To hear Judge explain it, old stats were too focused on player outcomes; DRA is more concerned about player likelihoods. That change could improve our understanding of players' so-called true talent levels, thereby making projections more accurate.

"DRA and our other recent statistics focus on trying to extract that piece of information," Judge said. "Not surprisingly, when you can isolate a player's actual individual contribution, your numbers get more reliable and more accurate in forecasting what comes next."

The future

Judge's work helps Chris Archer's team. USATSI

So, what does come next? In theory, DRA is built to last -- or, at least, to evolve with the times; meanwhile, the metric's mixed-modeling methodology is likely to serve as inspiration for new creations -- the plan, per those in the know, is to tackle catcher game-calling and other defensive aspects next. That's well and good, but what does the future hold for Judge, DRA's father and, for all intents and purposes, the progenitor of the mixed-modeling movement?

Everyone knows about Bill James, who ascended from bean-counting on graveyard shifts to self-publishing books to working for the Boston Red Sox, and most know that before Nate Silver became famous for predicting elections, he sharpened his forecasting claws on ballplayers.

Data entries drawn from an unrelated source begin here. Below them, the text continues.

lemma neg_ln_cond_x:
  assumes "s \<in> {1..p}" "0 < \<beta> s s"
  shows "- ln (cond_x p q \<beta> \<alpha> \<rho> x y s)
           = ln (2 * pi) / 2 + 1 / 2 * ((x_residual p q \<beta> \<alpha> \<rho> x y s)\<^sup>2 / \<beta> s s - ln (\<beta> s s))"
proof -
  let ?c = "\<alpha> s + (\<Sum>j\<in>{1..q}. \<rho> s j (y j)) - (\<Sum>t\<in>{1..p} - {s}. \<beta> s t * x t)"
  have "(\<Sum>t\<in>{1..p}. \<beta> s t * x t) = \<beta> s s * x s + (\<Sum>t\<in>{1..p} - {s}. \<beta> s t * x t)"
    using assms(1) by (rule sum.remove[OF finite_atLeastAtMost])
  then have residual: "?c - \<beta> s s * x s = x_residual p q \<beta> \<alpha> \<rho> x y s"
    unfolding x_residual_def by simp
  have "- ln (cond_x p q \<beta> \<alpha> \<rho> x y s)
          = ln (sqrt (2 * pi)) - ln (sqrt (\<beta> s s)) + (\<beta> s s / 2) * (?c / \<beta> s s - x s)\<^sup>2"
    unfolding cond_x_def using assms(2) by (simp add: ln_mult ln_div)
  also have "(\<beta> s s / 2) * (?c / \<beta> s s - x s)\<^sup>2 = (?c - \<beta> s s * x s)\<^sup>2 / \<beta> s s / 2"
    using assms(2) by (simp add: field_simps power2_eq_square)
  finally show ?thesis
    unfolding residual using assms(2) by (simp add: ln_sqrt field_simps)
qed

lemma neg_ln_cond_x_convex_comb:
  assumes "0 \<le> u" "u \<le> 1" "s \<in> {1..p}" "0 < \<beta>1 s s" "0 < \<beta>2 s s"
  shows "- ln (cond_x p q (\<lambda>s t. (1 - u) * \<beta>1 s t + u * \<beta>2 s t) (\<lambda>s. (1 - u) * \<alpha>1 s + u * \<alpha>2 s)
                 (\<lambda>s j l. (1 - u) * \<rho>1 s j l + u * \<rho>2 s j l) x y s)
           \<le> (1 - u) * - ln (cond_x p q \<beta>1 \<alpha>1 \<rho>1 x y s) + u * - ln (cond_x p q \<beta>2 \<alpha>2 \<rho>2 x y s)"
proof -
  let ?w1 = "x_residual p q \<beta>1 \<alpha>1 \<rho>1 x y s" and ?w2 = "x_residual p q \<beta>2 \<alpha>2 \<rho>2 x y s"
  have "((1 - u) * ?w1 + u * ?w2)\<^sup>2 / ((1 - u) * \<beta>1 s s + u * \<beta>2 s s)
          - ln ((1 - u) * \<beta>1 s s + u * \<beta>2 s s)
        \<le> (1 - u) * (?w1\<^sup>2 / \<beta>1 s s - ln (\<beta>1 s s)) + u * (?w2\<^sup>2 / \<beta>2 s s - ln (\<beta>2 s s))"
    using assms by (intro gaussian_nll_convex_comb)
  moreover have "- ln (cond_x p q (\<lambda>s t. (1 - u) * \<beta>1 s t + u * \<beta>2 s t)
                 (\<lambda>s. (1 - u) * \<alpha>1 s + u * \<alpha>2 s) (\<lambda>s j l. (1 - u) * \<rho>1 s j l + u * \<rho>2 s j l) x y s)
      = ln (2 * pi) / 2 + 1 / 2 * (((1 - u) * ?w1 + u * ?w2)\<^sup>2 / ((1 - u) * \<beta>1 s s + u * \<beta>2 s s)
          - ln ((1 - u) * \<beta>1 s s + u * \<beta>2 s s))"
    using neg_ln_cond_x[OF assms(3), where \<beta> = "\<lambda>s t. (1 - u) * \<beta>1 s t + u * \<beta>2 s t"]
      convex_comb_pos[OF assms(1,2,4,5)]
    by (simp only: x_residual_convex_comb)
  ultimately show ?thesis
    unfolding neg_ln_cond_x[where \<beta> = \<beta>1, OF assms(3,4)] neg_ln_cond_x[where \<beta> = \<beta>2, OF assms(3,5)]
    by (simp only:) (rule convex_comb_affine_le, simp_all)
qed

But in recent years, the analytical hobbyist -- the best ones, anyway -- haven't been permitted time to build their legend. Rather, when someone like Dan Turkenkopf or Mike Fast (two other former BP researchers) unearths an important discovery, they and their work are ushered into a front office before we can get to know them.

The bad news for those hoping Judge becomes the new James or Silver -- a highly visible linchpin -- is that he already works for a team. Multiple sources have confirmed over the past year that he consults with the Tampa Bay Rays. The good news, however, is neither Judge nor his work have disappeared from the public sphere, which in turn has allowed Judge to make a greater, longer-lasting impact than those made by comparable contemporary analysts.

Better yet, Judge might not be going anywhere in the near future.

"I enjoy what I do now, and it's important to remember that front-office work involves a tremendous time commitment," Judge said about joining a team on a full-time basis. "But in the right situation and at the right time, I think that could be an interesting thing to do."

If or until that right situation and right time arise, Judge will continue to serve as a different kind of mixed model -- one who exists in and impacts multiple realms, in and outside of baseball.